■ Task requirements: The material below must be retyped in full, with every line kept exactly as it is.
*** Records shown Section Begins ***
lemma log_deriv_diff_quot:
  fixes f :: "complex \<Rightarrow> complex"
  assumes holo: "f holomorphic_on S" and "open S" "w \<in> S" "w \<noteq> z"
    and pos: "Re ((f z - f w) / (z - w)) > 0"
  shows "(z - w) * ((f z - f w) * deriv (\<lambda>v. - Ln (diff_quot f z v)) w) =
           (z - w) * deriv f w - (f z - f w)"
proof -
  define Q where "Q = (f z - f w) / (z - w)"
  have "Q \<notin> \<real>\<^sub>\<le>\<^sub>0" "Q \<noteq> 0"
    using pos by (auto simp: Q_def complex_nonpos_Reals_iff)
  hence fzw: "f z - f w \<noteq> 0"
    by (auto simp: Q_def)
  have df: "(f has_field_derivative deriv f w) (at w)"
    using holo \<open>open S\<close> \<open>w \<in> S\<close> by (intro holomorphic_derivI) auto
  define dQ where "dQ = ((f z - f w) - deriv f w * (z - w)) / (z - w)^2"
  define q where "q v = (f z - f v) / (z - v)" for v
  have "(q has_field_derivative dQ) (at w)"
    unfolding q_def dQ_def using \<open>w \<noteq> z\<close>
    by (auto intro!: derivative_eq_intros df simp: field_simps power2_eq_square)
  moreover have "(Ln has_field_derivative inverse Q) (at (q w))"
    using has_field_derivative_Ln[OF \<open>Q \<notin> \<real>\<^sub>\<le>\<^sub>0\<close>] by (simp add: Q_def q_def)
  ultimately have "((\<lambda>v. - Ln (q v)) has_field_derivative - (inverse Q * dQ)) (at w)"
    by (intro DERIV_minus) (rule DERIV_chain2)
  hence "((\<lambda>v. - Ln (diff_quot f z v)) has_field_derivative - (inverse Q * dQ)) (at w)"
    by (rule has_field_derivative_transform_within_open[where S="S - {z}"])
       (use \<open>open S\<close> \<open>w \<in> S\<close> \<open>w \<noteq> z\<close> in \<open>auto simp: diff_quot_def q_def\<close>)
  hence "deriv (\<lambda>v. - Ln (diff_quot f z v)) w = - (inverse Q * dQ)"
    by (rule DERIV_imp_deriv)
  hence "(z - w) * ((f z - f w) * deriv (\<lambda>v. - Ln (diff_quot f z v)) w) =
           - ((z - w) * (((f z - f w) * inverse Q) * dQ))"
    by (simp add: mult.assoc)
  also have "(f z - f w) * inverse Q = z - w"
    using fzw by (simp add: Q_def)
  also have "(z - w) * ((z - w) * dQ) = (f z - f w) - deriv f w * (z - w)"
    using \<open>w \<noteq> z\<close> unfolding dQ_def by (simp add: power2_eq_square)
  also have "- ((f z - f w) - deriv f w * (z - w)) = (z - w) * deriv f w - (f z - f w)"
    by (simp add: algebra_simps)
  finally show ?thesis .
qed

lemma fps_identity_from_log_deriv:
  fixes f \<phi> :: "complex \<Rightarrow> complex"
  assumes f: "f has_fps_expansion A" and \<phi>: "\<phi> has_fps_expansion B"
    and z: "ereal (norm z) < fps_conv_radius A" "eval_fps A z = f z" "z \<noteq> 0"
    and eq: "eventually (\<lambda>w. (z - w) * ((f z - f w) * deriv \<phi> w) =
                             (z - w) * deriv f w - (f z - f w)) (nhds 0)"
  shows "(fps_const (f z) - A) * fps_deriv B =
           fps_deriv A - Abs_fps (\<lambda>q. eval_fps (fps_shift (Suc q) A) z)"
proof -
  define D where "D = Abs_fps (\<lambda>q. eval_fps (fps_shift (Suc q) A) z)"
  \<comment> \<open>Clear the denominator z - w, compare expansions, then cancel the nonzero series z - X.\<close>
  have "(\<lambda>w. (z - w) * ((f z - f w) * deriv \<phi> w)) has_fps_expansion
          (fps_const z - fps_X) * ((fps_const (f z) - A) * fps_deriv B)"
    by (intro fps_expansion_intros f \<phi>)
  hence "(\<lambda>w. (z - w) * deriv f w - (f z - f w)) has_fps_expansion
          (fps_const z - fps_X) * ((fps_const (f z) - A) * fps_deriv B)"
    using has_fps_expansion_cong[OF eq refl] by blast
  moreover have "(\<lambda>w. (z - w) * deriv f w - (f z - f w)) has_fps_expansion
          (fps_const z - fps_X) * fps_deriv A - (fps_const (f z) - A)"
    by (intro fps_expansion_intros f)
  ultimately have "(fps_const z - fps_X) * ((fps_const (f z) - A) * fps_deriv B) =
                   (fps_const z - fps_X) * fps_deriv A - (fps_const (f z) - A)"
    by (rule fps_expansion_unique_complex)
  moreover have "fps_const (f z) - A = (fps_const z - fps_X) * D"
    using fps_const_eval_fps_diff[OF z(1)] z(2) by (simp add: D_def)
  ultimately have "(fps_const z - fps_X) * ((fps_const (f z) - A) * fps_deriv B) =
                (fps_const z - fps_X) * (fps_deriv A - D)"
    by (simp add: right_diff_distrib)
  moreover have "fps_const z - fps_X \<noteq> (0 :: complex fps)"
  proof
    assume "fps_const z - fps_X = (0 :: complex fps)"
    hence "(fps_const z - fps_X) $ 0 = (0 :: complex fps) $ 0" by simp
    with z(3) show False by simp
  qed
  ultimately show ?thesis
    by (simp add: D_def)
qed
*** Records shown Section Ends ***
■ Solution:
lemma log_deriv_diff_quot:
  fixes f :: "complex \<Rightarrow> complex"
  assumes holo: "f holomorphic_on S" and "open S" "w \<in> S" "w \<noteq> z"
    and pos: "Re ((f z - f w) / (z - w)) > 0"
  shows "(z - w) * ((f z - f w) * deriv (\<lambda>v. - Ln (diff_quot f z v)) w) =
           (z - w) * deriv f w - (f z - f w)"
proof -
  define Q where "Q = (f z - f w) / (z - w)"
  have "Q \<notin> \<real>\<^sub>\<le>\<^sub>0" "Q \<noteq> 0"
    using pos by (auto simp: Q_def complex_nonpos_Reals_iff)
  hence fzw: "f z - f w \<noteq> 0"
    by (auto simp: Q_def)
  have df: "(f has_field_derivative deriv f w) (at w)"
    using holo \<open>open S\<close> \<open>w \<in> S\<close> by (intro holomorphic_derivI) auto
  define dQ where "dQ = ((f z - f w) - deriv f w * (z - w)) / (z - w)^2"
  define q where "q v = (f z - f v) / (z - v)" for v
  have "(q has_field_derivative dQ) (at w)"
    unfolding q_def dQ_def using \<open>w \<noteq> z\<close>
    by (auto intro!: derivative_eq_intros df simp: field_simps power2_eq_square)
  moreover have "(Ln has_field_derivative inverse Q) (at (q w))"
    using has_field_derivative_Ln[OF \<open>Q \<notin> \<real>\<^sub>\<le>\<^sub>0\<close>] by (simp add: Q_def q_def)
  ultimately have "((\<lambda>v. - Ln (q v)) has_field_derivative - (inverse Q * dQ)) (at w)"
    by (intro DERIV_minus) (rule DERIV_chain2)
  hence "((\<lambda>v. - Ln (diff_quot f z v)) has_field_derivative - (inverse Q * dQ)) (at w)"
    by (rule has_field_derivative_transform_within_open[where S="S - {z}"])
       (use \<open>open S\<close> \<open>w \<in> S\<close> \<open>w \<noteq> z\<close> in \<open>auto simp: diff_quot_def q_def\<close>)
  hence "deriv (\<lambda>v. - Ln (diff_quot f z v)) w = - (inverse Q * dQ)"
    by (rule DERIV_imp_deriv)
  hence "(z - w) * ((f z - f w) * deriv (\<lambda>v. - Ln (diff_quot f z v)) w) =
           - ((z - w) * (((f z - f w) * inverse Q) * dQ))"
    by (simp add: mult.assoc)
  also have "(f z - f w) * inverse Q = z - w"
    using fzw by (simp add: Q_def)
  also have "(z - w) * ((z - w) * dQ) = (f z - f w) - deriv f w * (z - w)"
    using \<open>w \<noteq> z\<close> unfolding dQ_def by (simp add: power2_eq_square)
  also have "- ((f z - f w) - deriv f w * (z - w)) = (z - w) * deriv f w - (f z - f w)"
    by (simp add: algebra_simps)
  finally show ?thesis .
qed

lemma fps_identity_from_log_deriv:
  fixes f \<phi> :: "complex \<Rightarrow> complex"
  assumes f: "f has_fps_expansion A" and \<phi>: "\<phi> has_fps_expansion B"
    and z: "ereal (norm z) < fps_conv_radius A" "eval_fps A z = f z" "z \<noteq> 0"
    and eq: "eventually (\<lambda>w. (z - w) * ((f z - f w) * deriv \<phi> w) =
                             (z - w) * deriv f w - (f z - f w)) (nhds 0)"
  shows "(fps_const (f z) - A) * fps_deriv B =
           fps_deriv A - Abs_fps (\<lambda>q. eval_fps (fps_shift (Suc q) A) z)"
proof -
  define D where "D = Abs_fps (\<lambda>q. eval_fps (fps_shift (Suc q) A) z)"
  \<comment> \<open>Clear the denominator z - w, compare expansions, then cancel the nonzero series z - X.\<close>
  have "(\<lambda>w. (z - w) * ((f z - f w) * deriv \<phi> w)) has_fps_expansion
          (fps_const z - fps_X) * ((fps_const (f z) - A) * fps_deriv B)"
    by (intro fps_expansion_intros f \<phi>)
  hence "(\<lambda>w. (z - w) * deriv f w - (f z - f w)) has_fps_expansion
          (fps_const z - fps_X) * ((fps_const (f z) - A) * fps_deriv B)"
    using has_fps_expansion_cong[OF eq refl] by blast
  moreover have "(\<lambda>w. (z - w) * deriv f w - (f z - f w)) has_fps_expansion
          (fps_const z - fps_X) * fps_deriv A - (fps_const (f z) - A)"
    by (intro fps_expansion_intros f)
  ultimately have "(fps_const z - fps_X) * ((fps_const (f z) - A) * fps_deriv B) =
                   (fps_const z - fps_X) * fps_deriv A - (fps_const (f z) - A)"
    by (rule fps_expansion_unique_complex)
  moreover have "fps_const (f z) - A = (fps_const z - fps_X) * D"
    using fps_const_eval_fps_diff[OF z(1)] z(2) by (simp add: D_def)
  ultimately have "(fps_const z - fps_X) * ((fps_const (f z) - A) * fps_deriv B) =
                (fps_const z - fps_X) * (fps_deriv A - D)"
    by (simp add: right_diff_distrib)
  moreover have "fps_const z - fps_X \<noteq> (0 :: complex fps)"
  proof
    assume "fps_const z - fps_X = (0 :: complex fps)"
    hence "(fps_const z - fps_X) $ 0 = (0 :: complex fps) $ 0" by simp
    with z(3) show False by simp
  qed
  ultimately show ?thesis
    by (simp add: D_def)
qed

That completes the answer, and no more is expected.